- **Exercise**:
Starting at the top of the entries, restate word for word each line up to and including the one with "(S \<inter> B) |".

- **Listed records**:
________________________________________

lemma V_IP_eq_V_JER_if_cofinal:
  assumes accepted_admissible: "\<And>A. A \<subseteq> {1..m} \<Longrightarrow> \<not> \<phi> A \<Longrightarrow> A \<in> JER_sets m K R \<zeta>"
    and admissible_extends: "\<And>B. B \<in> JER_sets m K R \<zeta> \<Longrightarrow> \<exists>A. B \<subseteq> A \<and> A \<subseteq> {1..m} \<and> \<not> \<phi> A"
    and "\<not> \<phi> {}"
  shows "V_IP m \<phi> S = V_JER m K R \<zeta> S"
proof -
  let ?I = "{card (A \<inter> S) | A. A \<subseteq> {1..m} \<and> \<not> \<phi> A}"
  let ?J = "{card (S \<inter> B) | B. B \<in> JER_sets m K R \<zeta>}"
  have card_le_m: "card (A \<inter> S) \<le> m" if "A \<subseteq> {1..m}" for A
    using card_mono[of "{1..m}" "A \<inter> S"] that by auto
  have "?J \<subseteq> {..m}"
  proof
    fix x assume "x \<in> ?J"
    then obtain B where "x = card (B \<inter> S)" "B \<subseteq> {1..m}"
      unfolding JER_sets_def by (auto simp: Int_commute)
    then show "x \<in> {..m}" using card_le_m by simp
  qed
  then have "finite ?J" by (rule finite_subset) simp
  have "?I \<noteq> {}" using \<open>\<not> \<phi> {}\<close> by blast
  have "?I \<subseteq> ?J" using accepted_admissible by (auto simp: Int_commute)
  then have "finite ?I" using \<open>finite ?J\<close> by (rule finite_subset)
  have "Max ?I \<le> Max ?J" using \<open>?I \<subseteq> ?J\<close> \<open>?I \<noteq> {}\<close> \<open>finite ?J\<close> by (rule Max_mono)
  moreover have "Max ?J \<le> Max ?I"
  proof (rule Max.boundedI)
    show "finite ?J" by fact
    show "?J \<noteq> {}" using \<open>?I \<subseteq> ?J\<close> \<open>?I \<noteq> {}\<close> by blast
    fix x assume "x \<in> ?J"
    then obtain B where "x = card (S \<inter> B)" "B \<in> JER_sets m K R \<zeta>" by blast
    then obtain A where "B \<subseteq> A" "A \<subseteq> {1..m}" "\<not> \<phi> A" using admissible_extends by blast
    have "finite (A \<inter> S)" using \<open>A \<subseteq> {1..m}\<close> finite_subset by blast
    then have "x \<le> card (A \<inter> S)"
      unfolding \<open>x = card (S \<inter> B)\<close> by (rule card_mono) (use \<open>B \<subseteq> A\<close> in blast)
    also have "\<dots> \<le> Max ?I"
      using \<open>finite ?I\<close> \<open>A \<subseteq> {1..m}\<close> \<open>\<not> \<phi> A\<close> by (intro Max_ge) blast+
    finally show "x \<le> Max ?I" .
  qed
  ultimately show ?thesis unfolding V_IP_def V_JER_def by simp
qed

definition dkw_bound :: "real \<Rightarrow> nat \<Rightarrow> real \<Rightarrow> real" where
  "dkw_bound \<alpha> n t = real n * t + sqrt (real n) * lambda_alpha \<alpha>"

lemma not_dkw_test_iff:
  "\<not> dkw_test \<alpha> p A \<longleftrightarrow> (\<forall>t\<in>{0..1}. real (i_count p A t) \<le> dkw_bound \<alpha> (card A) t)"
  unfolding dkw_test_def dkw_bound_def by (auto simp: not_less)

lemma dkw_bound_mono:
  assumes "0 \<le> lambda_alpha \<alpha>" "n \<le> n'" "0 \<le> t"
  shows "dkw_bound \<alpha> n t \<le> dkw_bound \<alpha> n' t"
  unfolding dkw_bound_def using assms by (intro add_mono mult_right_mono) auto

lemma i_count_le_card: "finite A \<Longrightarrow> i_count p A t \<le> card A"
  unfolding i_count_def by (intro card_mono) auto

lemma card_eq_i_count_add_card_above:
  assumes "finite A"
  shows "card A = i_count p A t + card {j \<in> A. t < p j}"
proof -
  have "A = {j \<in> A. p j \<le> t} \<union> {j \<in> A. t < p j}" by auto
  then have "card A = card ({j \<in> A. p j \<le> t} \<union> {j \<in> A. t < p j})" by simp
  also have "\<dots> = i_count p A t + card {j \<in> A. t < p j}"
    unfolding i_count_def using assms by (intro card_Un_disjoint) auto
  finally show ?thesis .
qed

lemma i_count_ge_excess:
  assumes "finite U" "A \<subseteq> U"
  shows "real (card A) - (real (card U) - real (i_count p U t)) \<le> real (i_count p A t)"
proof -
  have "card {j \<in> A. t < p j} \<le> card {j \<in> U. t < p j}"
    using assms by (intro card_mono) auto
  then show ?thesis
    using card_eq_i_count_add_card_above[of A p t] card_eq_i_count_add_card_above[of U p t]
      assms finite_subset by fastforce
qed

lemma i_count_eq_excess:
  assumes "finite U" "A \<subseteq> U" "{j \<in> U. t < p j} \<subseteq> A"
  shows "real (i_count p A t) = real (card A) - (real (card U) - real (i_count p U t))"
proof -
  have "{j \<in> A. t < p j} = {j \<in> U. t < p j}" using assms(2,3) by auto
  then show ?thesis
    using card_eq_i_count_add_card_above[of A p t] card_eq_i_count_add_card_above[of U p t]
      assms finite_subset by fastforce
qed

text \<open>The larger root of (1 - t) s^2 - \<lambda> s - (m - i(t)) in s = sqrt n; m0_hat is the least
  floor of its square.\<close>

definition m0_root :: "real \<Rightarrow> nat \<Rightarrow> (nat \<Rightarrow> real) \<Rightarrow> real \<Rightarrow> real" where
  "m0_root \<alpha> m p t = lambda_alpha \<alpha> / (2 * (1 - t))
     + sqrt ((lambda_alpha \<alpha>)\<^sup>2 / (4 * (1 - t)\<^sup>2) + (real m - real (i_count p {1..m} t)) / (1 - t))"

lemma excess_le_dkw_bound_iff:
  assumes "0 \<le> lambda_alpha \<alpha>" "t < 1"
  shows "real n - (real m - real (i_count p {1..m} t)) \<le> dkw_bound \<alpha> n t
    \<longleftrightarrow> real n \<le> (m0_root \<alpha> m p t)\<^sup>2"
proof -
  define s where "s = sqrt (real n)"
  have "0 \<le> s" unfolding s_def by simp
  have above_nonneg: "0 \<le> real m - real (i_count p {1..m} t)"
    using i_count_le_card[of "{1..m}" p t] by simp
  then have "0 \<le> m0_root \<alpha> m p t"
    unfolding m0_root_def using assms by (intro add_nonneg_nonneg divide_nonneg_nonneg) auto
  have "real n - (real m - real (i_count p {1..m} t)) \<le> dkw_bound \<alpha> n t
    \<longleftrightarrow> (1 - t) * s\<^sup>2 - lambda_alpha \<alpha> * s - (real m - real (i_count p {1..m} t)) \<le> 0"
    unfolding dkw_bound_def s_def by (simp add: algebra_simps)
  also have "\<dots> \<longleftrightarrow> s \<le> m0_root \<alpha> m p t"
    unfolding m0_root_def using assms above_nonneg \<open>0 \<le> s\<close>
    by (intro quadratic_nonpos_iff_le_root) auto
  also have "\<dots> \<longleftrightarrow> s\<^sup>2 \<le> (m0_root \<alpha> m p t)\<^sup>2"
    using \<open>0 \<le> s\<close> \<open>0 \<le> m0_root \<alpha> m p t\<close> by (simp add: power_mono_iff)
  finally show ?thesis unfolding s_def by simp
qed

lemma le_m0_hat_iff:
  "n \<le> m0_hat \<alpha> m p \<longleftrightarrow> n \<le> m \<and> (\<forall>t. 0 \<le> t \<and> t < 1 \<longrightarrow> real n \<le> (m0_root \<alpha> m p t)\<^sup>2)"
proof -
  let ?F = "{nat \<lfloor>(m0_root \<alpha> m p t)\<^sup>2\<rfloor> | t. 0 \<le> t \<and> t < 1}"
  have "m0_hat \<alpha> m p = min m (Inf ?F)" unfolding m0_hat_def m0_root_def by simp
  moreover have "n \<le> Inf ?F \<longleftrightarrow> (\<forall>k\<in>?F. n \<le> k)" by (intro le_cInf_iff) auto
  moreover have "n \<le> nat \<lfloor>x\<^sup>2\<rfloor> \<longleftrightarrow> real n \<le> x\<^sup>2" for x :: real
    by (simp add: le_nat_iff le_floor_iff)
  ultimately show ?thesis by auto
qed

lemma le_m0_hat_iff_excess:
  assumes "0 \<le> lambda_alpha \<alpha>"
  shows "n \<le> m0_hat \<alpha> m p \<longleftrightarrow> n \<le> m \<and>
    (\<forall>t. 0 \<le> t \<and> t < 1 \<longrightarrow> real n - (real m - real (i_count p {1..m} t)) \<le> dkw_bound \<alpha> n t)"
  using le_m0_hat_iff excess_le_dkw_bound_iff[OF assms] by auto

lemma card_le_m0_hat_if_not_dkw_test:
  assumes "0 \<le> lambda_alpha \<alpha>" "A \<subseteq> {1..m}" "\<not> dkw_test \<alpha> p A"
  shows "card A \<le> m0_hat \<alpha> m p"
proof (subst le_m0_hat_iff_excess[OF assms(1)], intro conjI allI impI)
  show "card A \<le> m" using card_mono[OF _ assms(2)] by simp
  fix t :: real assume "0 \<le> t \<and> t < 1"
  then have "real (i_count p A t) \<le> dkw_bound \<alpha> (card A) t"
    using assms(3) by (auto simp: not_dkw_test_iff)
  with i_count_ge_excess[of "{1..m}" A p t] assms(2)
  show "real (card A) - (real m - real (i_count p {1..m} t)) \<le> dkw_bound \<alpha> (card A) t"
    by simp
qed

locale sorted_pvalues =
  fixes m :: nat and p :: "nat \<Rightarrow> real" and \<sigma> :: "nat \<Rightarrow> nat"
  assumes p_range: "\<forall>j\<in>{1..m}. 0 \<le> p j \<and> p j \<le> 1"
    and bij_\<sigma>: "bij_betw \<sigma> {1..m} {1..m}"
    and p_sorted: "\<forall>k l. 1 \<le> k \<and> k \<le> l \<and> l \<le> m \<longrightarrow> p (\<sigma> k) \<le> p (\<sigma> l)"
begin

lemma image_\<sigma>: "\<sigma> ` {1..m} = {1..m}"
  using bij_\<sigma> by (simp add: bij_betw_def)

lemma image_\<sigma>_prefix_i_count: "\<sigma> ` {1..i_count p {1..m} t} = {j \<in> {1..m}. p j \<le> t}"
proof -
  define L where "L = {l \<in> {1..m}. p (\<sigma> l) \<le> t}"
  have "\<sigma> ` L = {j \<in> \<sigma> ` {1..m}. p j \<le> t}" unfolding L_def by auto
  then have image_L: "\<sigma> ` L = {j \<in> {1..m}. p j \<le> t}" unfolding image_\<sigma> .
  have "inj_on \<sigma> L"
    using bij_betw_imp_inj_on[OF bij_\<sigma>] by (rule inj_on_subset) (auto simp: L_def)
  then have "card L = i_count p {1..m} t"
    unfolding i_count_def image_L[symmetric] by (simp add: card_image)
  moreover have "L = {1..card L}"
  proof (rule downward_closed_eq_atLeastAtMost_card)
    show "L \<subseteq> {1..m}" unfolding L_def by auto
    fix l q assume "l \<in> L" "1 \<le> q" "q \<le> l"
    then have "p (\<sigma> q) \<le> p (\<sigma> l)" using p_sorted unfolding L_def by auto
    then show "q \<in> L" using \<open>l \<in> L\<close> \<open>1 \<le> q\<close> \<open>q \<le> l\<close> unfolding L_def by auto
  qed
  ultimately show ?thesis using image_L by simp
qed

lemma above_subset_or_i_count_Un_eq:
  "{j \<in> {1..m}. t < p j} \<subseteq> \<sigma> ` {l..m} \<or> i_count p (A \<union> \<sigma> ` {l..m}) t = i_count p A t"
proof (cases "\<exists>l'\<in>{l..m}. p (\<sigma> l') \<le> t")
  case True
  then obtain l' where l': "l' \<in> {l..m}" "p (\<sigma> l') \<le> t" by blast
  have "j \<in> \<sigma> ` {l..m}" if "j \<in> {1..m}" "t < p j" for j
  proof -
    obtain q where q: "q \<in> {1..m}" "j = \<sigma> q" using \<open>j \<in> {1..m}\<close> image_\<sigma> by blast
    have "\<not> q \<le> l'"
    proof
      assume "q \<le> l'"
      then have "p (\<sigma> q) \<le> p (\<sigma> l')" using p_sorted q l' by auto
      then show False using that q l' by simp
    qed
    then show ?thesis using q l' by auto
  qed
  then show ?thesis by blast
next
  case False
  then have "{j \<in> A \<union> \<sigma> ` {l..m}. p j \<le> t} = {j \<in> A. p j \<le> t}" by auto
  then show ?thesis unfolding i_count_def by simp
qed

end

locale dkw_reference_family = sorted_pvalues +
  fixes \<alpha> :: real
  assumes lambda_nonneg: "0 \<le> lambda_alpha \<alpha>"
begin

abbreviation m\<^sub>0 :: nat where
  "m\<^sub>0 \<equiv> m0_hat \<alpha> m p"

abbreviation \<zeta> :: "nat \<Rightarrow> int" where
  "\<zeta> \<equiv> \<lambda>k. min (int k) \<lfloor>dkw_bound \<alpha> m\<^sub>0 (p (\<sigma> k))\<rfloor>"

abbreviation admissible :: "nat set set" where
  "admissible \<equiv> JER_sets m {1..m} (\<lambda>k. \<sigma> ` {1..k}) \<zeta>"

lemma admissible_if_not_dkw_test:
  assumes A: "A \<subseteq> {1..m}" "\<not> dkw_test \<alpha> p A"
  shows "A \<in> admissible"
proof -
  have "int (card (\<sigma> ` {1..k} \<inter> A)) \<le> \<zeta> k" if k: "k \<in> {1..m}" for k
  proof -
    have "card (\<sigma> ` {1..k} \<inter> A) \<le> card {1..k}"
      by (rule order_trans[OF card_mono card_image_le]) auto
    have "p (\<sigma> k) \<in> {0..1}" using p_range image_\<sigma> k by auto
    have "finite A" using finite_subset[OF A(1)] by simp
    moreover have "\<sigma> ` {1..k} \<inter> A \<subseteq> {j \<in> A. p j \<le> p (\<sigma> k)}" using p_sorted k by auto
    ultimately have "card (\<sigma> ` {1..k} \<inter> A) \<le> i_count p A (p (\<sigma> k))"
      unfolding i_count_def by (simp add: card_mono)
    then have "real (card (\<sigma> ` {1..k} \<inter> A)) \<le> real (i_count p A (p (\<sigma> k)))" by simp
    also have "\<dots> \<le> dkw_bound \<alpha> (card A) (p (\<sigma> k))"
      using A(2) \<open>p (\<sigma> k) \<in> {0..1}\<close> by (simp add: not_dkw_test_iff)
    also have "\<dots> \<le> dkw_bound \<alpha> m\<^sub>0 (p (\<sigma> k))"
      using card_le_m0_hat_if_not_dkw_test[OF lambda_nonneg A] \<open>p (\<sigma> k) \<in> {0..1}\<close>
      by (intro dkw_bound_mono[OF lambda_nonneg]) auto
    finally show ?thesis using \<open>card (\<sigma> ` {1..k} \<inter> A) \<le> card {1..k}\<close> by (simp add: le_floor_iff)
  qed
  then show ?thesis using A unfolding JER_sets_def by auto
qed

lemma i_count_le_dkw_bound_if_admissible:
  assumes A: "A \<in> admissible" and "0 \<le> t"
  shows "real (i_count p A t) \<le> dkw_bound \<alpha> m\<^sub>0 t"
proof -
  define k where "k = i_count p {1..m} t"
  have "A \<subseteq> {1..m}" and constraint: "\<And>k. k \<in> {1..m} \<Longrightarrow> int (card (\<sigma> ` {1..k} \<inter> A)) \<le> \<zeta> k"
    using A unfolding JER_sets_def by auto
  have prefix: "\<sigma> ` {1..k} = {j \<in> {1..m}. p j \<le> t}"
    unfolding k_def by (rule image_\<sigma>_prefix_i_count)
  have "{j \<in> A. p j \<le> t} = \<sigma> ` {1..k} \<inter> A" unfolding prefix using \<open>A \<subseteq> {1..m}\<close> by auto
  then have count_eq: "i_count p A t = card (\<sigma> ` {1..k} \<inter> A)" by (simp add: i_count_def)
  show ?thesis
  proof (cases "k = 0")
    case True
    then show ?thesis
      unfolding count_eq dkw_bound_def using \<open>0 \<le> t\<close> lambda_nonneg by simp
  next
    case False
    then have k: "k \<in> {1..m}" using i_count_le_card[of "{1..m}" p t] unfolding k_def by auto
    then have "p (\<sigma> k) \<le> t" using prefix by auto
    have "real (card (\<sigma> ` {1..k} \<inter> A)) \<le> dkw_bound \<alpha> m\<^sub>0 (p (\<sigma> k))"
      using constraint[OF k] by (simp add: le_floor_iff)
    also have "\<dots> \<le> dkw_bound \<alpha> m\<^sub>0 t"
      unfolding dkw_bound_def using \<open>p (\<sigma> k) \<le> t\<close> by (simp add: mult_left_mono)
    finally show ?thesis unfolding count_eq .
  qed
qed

________________________________________

- **Written answer**:
lemma V_IP_eq_V_JER_if_cofinal:
  assumes accepted_admissible: "\<And>A. A \<subseteq> {1..m} \<Longrightarrow> \<not> \<phi> A \<Longrightarrow> A \<in> JER_sets m K R \<zeta>"
    and admissible_extends: "\<And>B. B \<in> JER_sets m K R \<zeta> \<Longrightarrow> \<exists>A. B \<subseteq> A \<and> A \<subseteq> {1..m} \<and> \<not> \<phi> A"
    and "\<not> \<phi> {}"
  shows "V_IP m \<phi> S = V_JER m K R \<zeta> S"
proof -
  let ?I = "{card (A \<inter> S) | A. A \<subseteq> {1..m} \<and> \<not> \<phi> A}"
  let ?J = "{card (S \<inter> B) | B. B \<in> JER_sets m K R \<zeta>}"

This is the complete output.